Problems: Top relevance issues in Search include ineffective understanding of query and attributes (~26% sessions, ~3% NMV opp), inaccurate product type retrieval (~10% sessions, ~1.5% NMV opp), and vernacular queries (~1% sessions, ~0.5% NMV opp).

System architecture: Vision backwards design proposed to solve for long tail query problems and considering multi modal inputs.

Align on the short term trade-offs: Since we are proposing to change the roadmap to solve the problems listed on long tail queries, we want to align on a 0.7% NMV/Vi tradeoff for this cycle (Reduce goal of 1.5% this cycle to 0.8%). We plan to recover this tradeoff by taking a goal of 2% NMV/Vi till Dec’25.

Objective

The objective of the document is to envision the future of search at Meesho. So far, our approach to solving for Meesho’s search was driven by query volume. Our focus was more on head and torso queries (~75% sessions) and less on tail, which has limited our scope to immediate needs rather than long-term growth opportunities.

Opportunity: Also, we realised that our torso conversion is only marginally better than tail conversion but head conversion is almost twice that of torso and tail, which presents an opportunity of ~5% plat level conversion through improvement in ~45% sessions (long tail).

Scope of this doc-

This document focuses on understanding the current problems in search results’ relevance at Meesho Search especially on long tail queries, the metrics we look at and the opportunity that exists.
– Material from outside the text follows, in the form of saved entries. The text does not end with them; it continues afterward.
(* Let $k\ge3$, let $G$ be a connected graph without isolated vertices, and let $u\in V(G)$. Let $G_u\bowtie K_k$ denote the graph obtained from the disjoint union of $G$ and a complete graph $K_k$ by identifying $u$ with a vertex of $K_k$. Then $G\in\mathcal F_{\chi,k}$ if and only if $G_u\bowtie K_k\in\mathcal F_{(k,2)}$.
   Context: All graphs are finite and simple. $\mathcal F_{\chi,k}$ is the class of graphs $G$ with $\chi(G)=k$ such that $\chi(H)<k$ for every proper subgraph $H$ of $G$ (for graphs without isolated vertices this is equivalent to $\chi(G-e)=k-1$ for every edge $e$). For a graph $G$, ${\rm es}_{\chi}(G)$ is the minimum number of edges of $G$ whose removal results in a spanning subgraph $G_1$ with $\chi(G_1)=\chi(G)-1$. $G$ is edge-stability critical if ${\rm es}_{\chi}(G-e)<{\rm es}_{\chi}(G)$ for every edge $e\in E(G)$. $\mathcal F_{(k,2)}$ is the class of $(k,2)$-critical graphs, i.e., edge-stability critical graphs $G$ with $\chi(G)=k$ and ${\rm es}_{\chi}(G)=2$. *)

theory Defs
  imports Main
begin

definition graph :: "'a set \<Rightarrow> 'a set set \<Rightarrow> bool" where
  "graph V E \<longleftrightarrow> finite V \<and> (\<forall>e\<in>E. \<exists>x y. e = {x, y} \<and> x \<noteq> y \<and> x \<in> V \<and> y \<in> V)"

definition adj :: "'a set set \<Rightarrow> 'a \<Rightarrow> 'a \<Rightarrow> bool" where
  "adj E x y \<longleftrightarrow> {x, y} \<in> E"

definition connected_graph :: "'a set \<Rightarrow> 'a set set \<Rightarrow> bool" where
  "connected_graph V E \<longleftrightarrow> V \<noteq> {} \<and>
     (\<forall>x\<in>V. \<forall>y\<in>V. (x, y) \<in> {(a, b). adj E a b}\<^sup>*)"

definition no_isolated :: "'a set \<Rightarrow> 'a set set \<Rightarrow> bool" where
  "no_isolated V E \<longleftrightarrow> (\<forall>v\<in>V. \<exists>e\<in>E. v \<in> e)"

definition colorable :: "'a set \<Rightarrow> 'a set set \<Rightarrow> nat \<Rightarrow> bool" where
  "colorable V E n \<longleftrightarrow> (\<exists>f :: 'a \<Rightarrow> nat. (\<forall>v\<in>V. f v < n) \<and>
      (\<forall>x y. {x, y} \<in> E \<longrightarrow> x \<noteq> y \<longrightarrow> f x \<noteq> f y))"

definition chi :: "'a set \<Rightarrow> 'a set set \<Rightarrow> nat" where
  "chi V E = (LEAST n. colorable V E n)"

definition subgraph :: "'a set \<Rightarrow> 'a set set \<Rightarrow> 'a set \<Rightarrow> 'a set set \<Rightarrow> bool" where
  "subgraph V' E' V E \<longleftrightarrow> V' \<subseteq> V \<and> E' \<subseteq> E \<and> (\<forall>e\<in>E'. e \<subseteq> V')"

definition F_chi :: "nat \<Rightarrow> 'a set \<Rightarrow> 'a set set \<Rightarrow> bool" where
  "F_chi k V E \<longleftrightarrow> chi V E = k \<and>
     (\<forall>V' E'. subgraph V' E' V E \<and> (V', E') \<noteq> (V, E) \<longrightarrow> chi V' E' < k)"

definition es_chi :: "'a set \<Rightarrow> 'a set set \<Rightarrow> nat" where
  "es_chi V E = (LEAST m. \<exists>F. F \<subseteq> E \<and> card F = m \<and> chi V (E - F) = chi V E - 1)"

definition edge_stability_critical :: "'a set \<Rightarrow> 'a set set \<Rightarrow> bool" where
  "edge_stability_critical V E \<longleftrightarrow> (\<forall>e\<in>E. es_chi V (E - {e}) < es_chi V E)"

definition F_k2 :: "nat \<Rightarrow> 'a set \<Rightarrow> 'a set set \<Rightarrow> bool" where
  "F_k2 k V E \<longleftrightarrow> edge_stability_critical V E \<and> chi V E = k \<and> es_chi V E = 2"

text \<open>G_u \<bowtie> K_k: vertices of G are tagged Inl, the k-1 new vertices of K_k
  are Inr 1, ..., Inr (k-1); the vertex of K_k identified with u is Inl u.\<close>

definition clique_part :: "'a \<Rightarrow> nat \<Rightarrow> ('a + nat) set" where
  "clique_part u k = insert (Inl u) (Inr ` {1..<k})"

definition join_V :: "'a set \<Rightarrow> nat \<Rightarrow> ('a + nat) set" where
  "join_V V k = Inl ` V \<union> Inr ` {1..<k}"

definition join_E :: "'a set set \<Rightarrow> 'a \<Rightarrow> nat \<Rightarrow> ('a + nat) set set" where
  "join_E E u k = (\<lambda>e. Inl ` e) ` E \<union>
     {{x, y} | x y. x \<in> clique_part u k \<and> y \<in> clique_part u k \<and> x \<noteq> y}"

end

theory Submission
  imports Defs "HOL-Combinatorics.Transposition"
begin

(* The vertex u separates H = G_u \<bowtie> K_k into G and the clique part, so n-colourings of the two
   sides glue, after permuting colours, to n-colourings of H; hence
   chi(H - X) = max (chi(G - X\<^sub>G)) (chi(K_k - X\<^sub>K)) for every edge set X.  Deleting one clique
   edge lowers the clique side to k - 1, so chi(H) drops to k - 1 exactly when a clique edge is
   deleted and G is left (k - 1)-colourable.  If G is k-critical this needs one edge of G as
   well, which gives es(H) = 2 and, since a single deleted edge of either side can be completed
   by one edge of the other, edge-stability criticality.  Conversely es(H) = 2 forces chi(G) = k,
   and es(H - e) \<le> 1 for an edge e of G forces chi(G - e) < k. *)

lemma colorable_mono:
  "colorable V E n \<Longrightarrow> V' \<subseteq> V \<Longrightarrow> E' \<subseteq> E \<Longrightarrow> n \<le> m \<Longrightarrow> colorable V' E' m"
  unfolding colorable_def by (meson order_less_le_trans subsetD)

lemma chi_le: "colorable V E n \<Longrightarrow> chi V E \<le> n"
  unfolding chi_def by (rule Least_le)

lemma colorable_iff_chi_le:
  assumes "colorable V E m"
  shows "colorable V E n \<longleftrightarrow> chi V E \<le> n"
proof
  assume "chi V E \<le> n"
  moreover have "colorable V E (chi V E)"
    unfolding chi_def using assms by (rule LeastI)
  ultimately show "colorable V E n"
    using colorable_mono[of V E "chi V E" V E n] by blast
qed (rule chi_le)

lemma chi_eqI: "(\<And>n. colorable V E n \<longleftrightarrow> m \<le> n) \<Longrightarrow> chi V E = m"
  unfolding chi_def by (rule Least_equality) auto

lemma chi_empty_edges_le_one: "chi V {} \<le> 1"
  by (rule chi_le) (auto simp: colorable_def)

lemma card_le_if_clique:
  assumes "colorable V E n" "S \<subseteq> V"
    and "\<And>x y. x \<in> S \<Longrightarrow> y \<in> S \<Longrightarrow> x \<noteq> y \<Longrightarrow> {x, y} \<in> E"
  shows "card S \<le> n"
proof -
  obtain f where f: "\<forall>v\<in>V. f v < n" "\<forall>x y. {x, y} \<in> E \<longrightarrow> x \<noteq> y \<longrightarrow> f x \<noteq> f y"
    using assms(1) unfolding colorable_def by blast
  have "inj_on f S"
    using f(2) assms(3) unfolding inj_on_def by blast
  moreover have "f ` S \<subseteq> {..<n}"
    using f(1) assms(2) by auto
  ultimately show ?thesis
    using card_inj_on_le[of f S "{..<n}"] by simp
qed

lemma graph_edge_subset: "graph V E \<Longrightarrow> e \<in> E \<Longrightarrow> e \<subseteq> V"
  unfolding graph_def by auto

lemma graph_subset_edges: "graph V E \<Longrightarrow> E' \<subseteq> E \<Longrightarrow> graph V E'"
  unfolding graph_def by blast

lemma graph_finite_edges: "graph V E \<Longrightarrow> finite E"
  using finite_subset[of E "Pow V"] graph_edge_subset unfolding graph_def by blast

lemma graph_colorable: "graph V E \<Longrightarrow> colorable V E (card V)"
proof -
  assume g: "graph V E"
  obtain h where h: "bij_betw h V {0..<card V}"
    using ex_bij_betw_finite_nat g unfolding graph_def by blast
  have "h x \<noteq> h y" if "{x, y} \<in> E" "x \<noteq> y" for x y
    using graph_edge_subset[OF g that(1)] that(2) h by (auto simp: bij_betw_def inj_on_def)
  moreover have "h v < card V" if "v \<in> V" for v
    using h that by (auto simp: bij_betw_def)
  ultimately show ?thesis
    unfolding colorable_def by blast
qed

lemma graph_colorable_iff: "graph V E \<Longrightarrow> colorable V E n \<longleftrightarrow> chi V E \<le> n"
  using colorable_iff_chi_le graph_colorable by blast

lemma chi_mono: "graph V E \<Longrightarrow> V' \<subseteq> V \<Longrightarrow> E' \<subseteq> E \<Longrightarrow> chi V' E' \<le> chi V E"
  by (meson chi_le colorable_mono graph_colorable_iff order_refl)

lemma F_chi_iff_edge_critical:
  assumes g: "graph V E" and "no_isolated V E"
  shows "F_chi k V E \<longleftrightarrow> chi V E = k \<and> (\<forall>e\<in>E. chi V (E - {e}) < k)"
proof (intro iffI conjI ballI)
  fix e assume "F_chi k V E" "e \<in> E"
  moreover have "subgraph V (E - {e}) V E"
    unfolding subgraph_def using graph_edge_subset[OF g] by blast
  ultimately show "chi V (E - {e}) < k"
    unfolding F_chi_def by blast
next
  assume crit: "chi V E = k \<and> (\<forall>e\<in>E. chi V (E - {e}) < k)"
  have "chi V' E' < k" if sub: "subgraph V' E' V E" and proper: "(V', E') \<noteq> (V, E)" for V' E'
  proof -
    have "E' \<noteq> E"
    proof
      assume "E' = E"
      then obtain v where "v \<in> V" "v \<notin> V'"
        using sub proper unfolding subgraph_def by auto
      then show False
        using \<open>E' = E\<close> sub \<open>no_isolated V E\<close> unfolding no_isolated_def subgraph_def by blast
    qed
    then obtain e where "e \<in> E" "E' \<subseteq> E - {e}"
      using sub unfolding subgraph_def by blast
    then have "chi V' E' \<le> chi V (E - {e})"
      using sub graph_subset_edges[OF g, of "E - {e}"] chi_mono unfolding subgraph_def by blast
    also have "\<dots> < k"
      using crit \<open>e \<in> E\<close> by blast
    finally show ?thesis .
  qed
  then show "F_chi k V E"
    using crit unfolding F_chi_def by blast
qed (simp add: F_chi_def)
This document does not detail the implementation plans but focuses on vision, problems, challenges with current system and high-level solutions.

Why envision now?-

Unstructured User Queries: We receive around 17M unique queries everyday of which 11M are tail queries. The number of unique tail queries has increased by 10% in the last 6 months. We have identified that even though we are a long tail e-commerce platform knowing that our users express themselves in an unstructured way, we do not serve tail queries very well (Current head CTR 2.9% vs long tail CTR 2.4%). Our major focus has been on improving for Head and Torso queries which has to be shifted to Tail queries.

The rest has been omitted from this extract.